Although the Extensible Storage Engine (ESE) is a generic database engine, forensic analysis of ESE databases seem to be centered around Exchange. Little information about forensic investigation of ESE databases in general, seem to have been published in the public domain. As far as I can tell, Mark Woan author of EseDbViewer, was one of the first who published information about forensic analysis of ESE databases in general. This was in 2008.

Early 2009, I was getting search results in Windows.edb files (Windows Search databases) on Windows XP system in some investigations. Neither EnCase or FTK seem to offer any support for this file, although they claim to have EDB support. Not many other tooling seemed to be available to analyze the Windows Search ESE database. However when investigation Windows Vista system the Widows.edb file no longer contained any relevant results.

Besides trying to verify my assumptions on the Exchange related parts in the Microsoft Exchange OST files, this triggered me to start working on the ESE database format. I therefore started the libesedb project in September 2009. Findings from the libesedb projects and some of Mark Woan’s EseDbViewer have been integrated in this document.

Table of Contents

1. Overview of the ESE database format
1.1. Database header
1.2. Page based storage
1.3. Database tables and indexes
2. Analysis of a Windows Search database
2.1. Data obfuscation
2.2. Data compression
2.3. Investigative artifacts and usefulness
2.4. The Vista welcome mail
3. Conclusion
Appendix A. References
Appendix B. GNU Free Documentation License

1. Overview of the ESE database format

The Extensible Storage Engine (ESE) database format is mainly known for its use in the Microsoft Exchange, i.e. for the priv1.edb file. What is less widely known that a lot of Microsoft products use this file format, some of which are Active Directory (ntds.dit), Windows (Desktop) Search (Windows.edb) and Windows Mail (WindowsMail.MSMessageStore).

ESE is also known as Jet Blue in contrast to Jet Red that refers to the Microsoft Access database format. Microsoft has kept the specification of ESE database format closed, although the Jet Blue API has been partially documented on MSDN. The information in this document was obtained by the information available on the Internet and reverse engineering of the file format. The information obtained is maintained in a working documented titled: the Extensible Storage Engine (ESE) database (DB) format specification [ESEDB09].

There are three main variants of the ESE, one for Exchange 5.5 (ESE97), one for Exchange 2000 and later (ESE98) and one for Windows NT and later (ESENT). Active Directory and Windows Search use the ESENT version.

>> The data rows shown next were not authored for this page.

lemma move_mass_invariant_eq:
  fixes x x' :: "'a \<Rightarrow> 'b::ab_group_add"
  assumes "finite H" "H \<noteq> {}"
    and "\<And>x u w d. u \<in> H \<Longrightarrow> w \<in> H \<Longrightarrow> F (move_mass x u w d) = F x"
    and "\<And>i. i \<notin> H \<Longrightarrow> x i = x' i" "sum x H = sum x' H"
  shows "F x = F x'"
  using assms
proof (induction H arbitrary: x rule: finite_ne_induct)
  case (singleton h)
  have "x = x'"
  proof
    show "x i = x' i" for i
      using singleton.prems(2)[of i] singleton.prems(3) by (cases "i = h") auto
  qed
  then show ?case by simp
next
  case (insert s H)
  obtain w where "w \<in> H" using insert.hyps(2) by blast
  define y where "y = move_mass x s w (x s - x' s)"
  have "F x = F y"
    using insert.prems(1) \<open>w \<in> H\<close> by (simp add: y_def)
  also have "F y = F x'"
  proof (rule insert.IH)
    show "F (move_mass z u v e) = F z" if "u \<in> H" "v \<in> H" for z u v e
      using insert.prems(1) that by blast
    show "y i = x' i" if "i \<notin> H" for i
      using that \<open>w \<in> H\<close> insert.prems(2)[of i] by (auto simp: y_def move_mass_def)
    have "sum y (insert s H) = sum x' (insert s H)"
      using insert.hyps(1) insert.prems(3) \<open>w \<in> H\<close> by (simp add: y_def sum_move_mass)
    moreover have "y s = x' s"
      using insert.hyps(3) \<open>w \<in> H\<close> by (auto simp: y_def move_mass_def)
    ultimately show "sum y H = sum x' H"
      using insert.hyps(1,3) by simp
  qed
  finally show ?case .
qed
definition cg_smult :: "complex \<Rightarrow> 'g cgalg \<Rightarrow> 'g cgalg" where
  "cg_smult c x = (\<lambda>h. c * x h)"

definition adj_mat :: "(nat \<Rightarrow> nat \<Rightarrow> 'g option) \<Rightarrow> nat \<Rightarrow> nat \<Rightarrow> 'g cgalg" where
  "adj_mat gam i j = emb (gam i j)"

definition conj_transpose :: "complex mat \<Rightarrow> complex mat" where
  "conj_transpose U = mat (dim_col U) (dim_row U) (\<lambda>(i,j). cnj (U $$ (j,i)))"

definition unitary_rep :: "('g, 'b) monoid_scheme \<Rightarrow> nat \<Rightarrow> ('g \<Rightarrow> complex mat) \<Rightarrow> bool" where
  "unitary_rep G d rho \<longleftrightarrow>
     (\<forall>g\<in>carrier G. rho g \<in> carrier_mat d d \<and> rho g * conj_transpose (rho g) = 1\<^sub>m d) \<and>
     (\<forall>g\<in>carrier G. \<forall>h\<in>carrier G. rho (g \<otimes>\<^bsub>G\<^esub> h) = rho g * rho h)"

definition pi_cg :: "('g, 'b) monoid_scheme \<Rightarrow> nat \<Rightarrow> ('g \<Rightarrow> complex mat) \<Rightarrow> 'g cgalg \<Rightarrow> complex mat" where
  "pi_cg G d rho x = mat d d (\<lambda>(a,b). \<Sum>g\<in>{g\<in>carrier G. x g \<noteq> 0}. x g * (rho g $$ (a,b)))"

definition pi_mat :: "('g, 'b) monoid_scheme \<Rightarrow> nat \<Rightarrow> ('g \<Rightarrow> complex mat) \<Rightarrow> nat \<Rightarrow> (nat \<Rightarrow> nat \<Rightarrow> 'g cgalg) \<Rightarrow> complex mat" where
  "pi_mat G d rho n M = mat (n*d) (n*d) (\<lambda>(i,j). pi_cg G d rho (M (i div d) (j div d)) $$ (i mod d, j mod d))"

definition pi_spectrum :: "('g, 'b) monoid_scheme \<Rightarrow> nat \<Rightarrow> ('g \<Rightarrow> complex mat) \<Rightarrow> nat \<Rightarrow> (nat \<Rightarrow> nat \<Rightarrow> 'g option) \<Rightarrow> complex multiset" where
  "pi_spectrum G d rho n gam = proots (char_poly (pi_mat G d rho n (adj_mat gam)))"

Basically an ESE database consists of the following elements:

• database header and a backup
• pages containing:
• space tree data
• database table data
• database index data
• long value data

The following paragraphs provide an overview of some of these elements.

1.1. Database header

The ESE database starts with a database header. The effective size of the database header is at least 667 bytes of size, e.g. the first 16 bytes.

00000000: 5c ca 88 0b ef cd ab 89 20 06 00 00 00 00 00 00 \....... .......

Bytes 4 to 8 of the database header contain the unique signature ‘\xef\xcd\xab\x89’ of the ESEDB format. Other significant values in the header are the file type, format version and revision and page size. The database header is actually stored in a block the size of a page; which is directly followed by another block containing a backup of the database header. This is one of the data redundancy measures provided in the ESE database format.

Different versions of Windows NT use different revisions of ESE, e.g. Windows XP uses version 0x620 revision 9, Windows Vista uses version 0x620 revision 12 and Windows 7 uses version 0x620 revision 17. Different revisions can have different methods of storing data, e.g. the Windows 7 version of ESE allows for ‘native’ compression of data; in previous versions applications using ESE needed to do compression themselves, like the (RTF) LZFu compression used by Exchange.

When no measures are taken to detect and handle compressed data, linear search and index-based search techniques will fail. So these techniques do not suffice for finding all the strings in ESE databases.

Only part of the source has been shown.